/Machine-Learning

A repository made for showcasing my experience with machine learning.

Primary LanguageJupyter Notebook

Machine Learning Experience

This repository consists of my machine learning experience from an Applied Machine Learning course at the University of Calgary.

Assignments

Each of the assignments are in their respective folders with their ipynb iles and corresponding pdf files.

Assignment 1

In this assignment, we dove deep into algorithmic bias. We watched a ted talk video discussing what algorithmic bias is and the consequences of it.

Assignment 2

In this assignment, we used linear models to perform classification and regression tasks. We went through the typical flow of first retrieving the data, then pre-processing it (checking for missing values in this case), then implementing the chosen model, validating it using training accuracy and validation accuracy, and then finally visualizing the results using a dataframe with pandas.

Assignment 3

In this assignment, we went through the exact same workflow (data input, pre-processing of data, implementation of ML model, validation, visualization). This time we used non-linear models for the data including decision trees, random forest, and gradient boosting. We used the concrete dataset from the yellowbrick library. Validated the model using cross validation by calculating the average training accuracy and validation accuracy using Mean Squared Error (MSE). This was for Regression, then we used models for Classification such as SVC and DecisionTreeClassifier from sklearn.

Assignment 4

In this assignment we used a heart disease dataset which contains information about patients with possible coronary artery disease. This time, we pre-processed the data by checking for missing values and them using sklearn's SimpleImputer to fill in the values using the column mean. Then we leveraged sklearn's ColumnTransformer to apply different pre-processing steps to different columns (StandardScaler for numerical features, OneHotEncoder for categorical features, and passthrough for binary features).
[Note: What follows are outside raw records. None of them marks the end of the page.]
lemma tau_eq:
  "tau t =
     (if twist t \<approx> (\<lambda>x. 2 * chip u x) then t - 2
      else if \<exists>w\<in>VV. w \<noteq> u \<and> w \<noteq> v \<and> twist t \<approx> chip u + chip w then t - 1
      else if \<exists>w\<in>VV. w \<noteq> bar u \<and> w \<noteq> bar v \<and> twist t \<approx> chip v + chip w then t + 1
      else if twist t \<approx> chip v + chip (bar u) then t + 2
      else t)"
  unfolding tau_def jump_def if_distrib[of "(+) t"] by (simp only: add_0_right diff_conv_add_uminus)

lemma twisted_eq: "twisted a b = D + scale_div a (chip u) - scale_div b (chip v)"
  by (simp add: twisted_def scale_div_def fun_eq_iff)

lemma is_div_twisted: "is_div VV (twisted a b)"
  and deg_twisted: "deg VV (twisted a b) = 2 + a - b"
  using D_div D_deg u_in_V v_in_V by (simp_all add: twisted_eq)

lemma twisted_diff_u: "twisted a b - chip u = twisted (a - 1) b"
  and twisted_diff_v: "twisted a b - chip v = twisted a (b + 1)"
  by (simp_all add: twisted_def fun_eq_iff algebra_simps)

lemma twisted_tau: "twisted (tau t) t = twist t + scale_div (jump (twist t)) (chip u)"
  by (simp add: twisted_def twist_def tau_def scale_div_def fun_eq_iff algebra_simps)

lemma Delta_twisted_tau: "\<Delta> (twisted (tau t) t) = 1"
proof -
  have "twist t = twisted t t" by (simp add: twisted_def twist_def fun_eq_iff algebra_simps)
  then have "is_div VV (twist t)" "deg VV (twist t) = 2"
    using is_div_twisted deg_twisted by simp_all
  then show ?thesis unfolding twisted_tau by (rule Delta_add_jump)
qed
(* Let $n\ge3$ and let $G$ be a connected graph with at least two vertices, and assume it is not the case that both $G\cong K_2$ and $n=3$. Then $G\times K_n$ is super edge connected if and only if $n\,\kappa'(G)>\delta(G)$.
   Context: All graphs are finite, simple and undirected. $\kappa'(G)$ denotes edge connectivity and $\delta(G)$ minimum degree. The direct product $G\times H$ has vertex set $V(G)\times V(H)$. Two vertices $(x,u),(y,v)$ are adjacent if and only if $xy\in E(G)$ and $uv\in E(H)$. A minimum edge cut of a graph is a set of edges whose removal disconnects the graph and whose cardinality equals its edge connectivity. A graph is super edge connected if every minimum edge cut is the set of all edges incident with some single vertex. *)

theory Defs
  imports Main
begin

definition simple_graph :: "'a set \<Rightarrow> 'a set set \<Rightarrow> bool" where
  "simple_graph V E \<longleftrightarrow> finite V \<and>
     (\<forall>e\<in>E. \<exists>x y. x \<noteq> y \<and> x \<in> V \<and> y \<in> V \<and> e = {x, y})"

definition adj :: "'a set set \<Rightarrow> 'a \<Rightarrow> 'a \<Rightarrow> bool" where
  "adj E x y \<longleftrightarrow> {x, y} \<in> E"

definition connected_graph :: "'a set \<Rightarrow> 'a set set \<Rightarrow> bool" where
  "connected_graph V E \<longleftrightarrow> V \<noteq> {} \<and>
     (\<forall>x\<in>V. \<forall>y\<in>V. (\<lambda>a b. a \<in> V \<and> b \<in> V \<and> adj E a b)\<^sup>*\<^sup>* x y)"

definition incident_edges :: "'a set set \<Rightarrow> 'a \<Rightarrow> 'a set set" where
  "incident_edges E v = {e \<in> E. v \<in> e}"

definition degree :: "'a set set \<Rightarrow> 'a \<Rightarrow> nat" where
  "degree E v = card (incident_edges E v)"

definition min_degree :: "'a set \<Rightarrow> 'a set set \<Rightarrow> nat" where
  "min_degree V E = Min (degree E ` V)"

definition is_edge_cut :: "'a set \<Rightarrow> 'a set set \<Rightarrow> 'a set set \<Rightarrow> bool" where
  "is_edge_cut V E S \<longleftrightarrow> S \<subseteq> E \<and> \<not> connected_graph V (E - S)"

definition edge_connectivity :: "'a set \<Rightarrow> 'a set set \<Rightarrow> nat" where
  "edge_connectivity V E = Min (card ` {S. is_edge_cut V E S})"

definition is_min_edge_cut :: "'a set \<Rightarrow> 'a set set \<Rightarrow> 'a set set \<Rightarrow> bool" where
  "is_min_edge_cut V E S \<longleftrightarrow> is_edge_cut V E S \<and> card S = edge_connectivity V E"

definition super_edge_connected :: "'a set \<Rightarrow> 'a set set \<Rightarrow> bool" where
  "super_edge_connected V E \<longleftrightarrow>
     (\<forall>S. is_min_edge_cut V E S \<longrightarrow> (\<exists>v\<in>V. S = incident_edges E v))"

definition dprod_verts :: "'a set \<Rightarrow> 'b set \<Rightarrow> ('a \<times> 'b) set" where
  "dprod_verts V W = V \<times> W"

definition dprod_edges :: "'a set set \<Rightarrow> 'b set set \<Rightarrow> ('a \<times> 'b) set set" where
  "dprod_edges E F = {{(x, u), (y, v)} | x y u v. {x, y} \<in> E \<and> {u, v} \<in> F}"

definition K_verts :: "nat \<Rightarrow> nat set" where
  "K_verts n = {..<n}"

definition K_edges :: "nat \<Rightarrow> nat set set" where
  "K_edges n = {{i, j} | i j. i < n \<and> j < n \<and> i \<noteq> j}"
Created a Pipeline object to take this column transformer and add one or more models as the subsequemt steps, so for the models I used LogisticRegression(), SVC(), and RandomForestClassifier(). Then I performed a grid search for the best hyperparams for each model. I did this using sklearn's GridSearchCV which finds the best hyperparams that maximize the cross-validation score. Finally, I created a stacking classifier to use the previous models as base estimators and a meta-model chosen by me as the final_estimator. Then we performed cross-validation on it using StratifiedKFold and reported the metrics to then visualize the results.

Final Project

For the final project the focus was on Principal Component Analysis (PCA) and Clustering. I went through a similar pre-processing workflow where the data was first scaled, pipeline was created, and a grid search performed to find the ideal hyperparams. We then reduced the dimensions using either PCA or t-SNE, I chose PCA then performed a grid search once again. Plotted the data on a scatter plot to visualize it. Then I created a pipeline which included a scaler and K-Means Clustering algorithm. I determined the optimal number of clusters using the KElbowVisualizer then I applied PCA once again to reduce the dimesions to 2D and then created a scatter plot using that data.

Conclusion

In retrospect, all of these assignments provided me with the knowledge and insight needed to understand datasets and figuring out the best models for certain data. Throughout my ML course I learned a plethora of topics including the fundamentals such as bias and variance, over-fitting and under-fitting, regression and classification, linear models as well as non-linear models, and then finally neural networks. The assignments asked us meaningful reflection questions which forced us to really think about our results and ensure we understand what's going on with our models and data. For example, whether a model is capturing the underlying structure of the dataset or not depending on our calculated metrics such as accuracy or F1-score.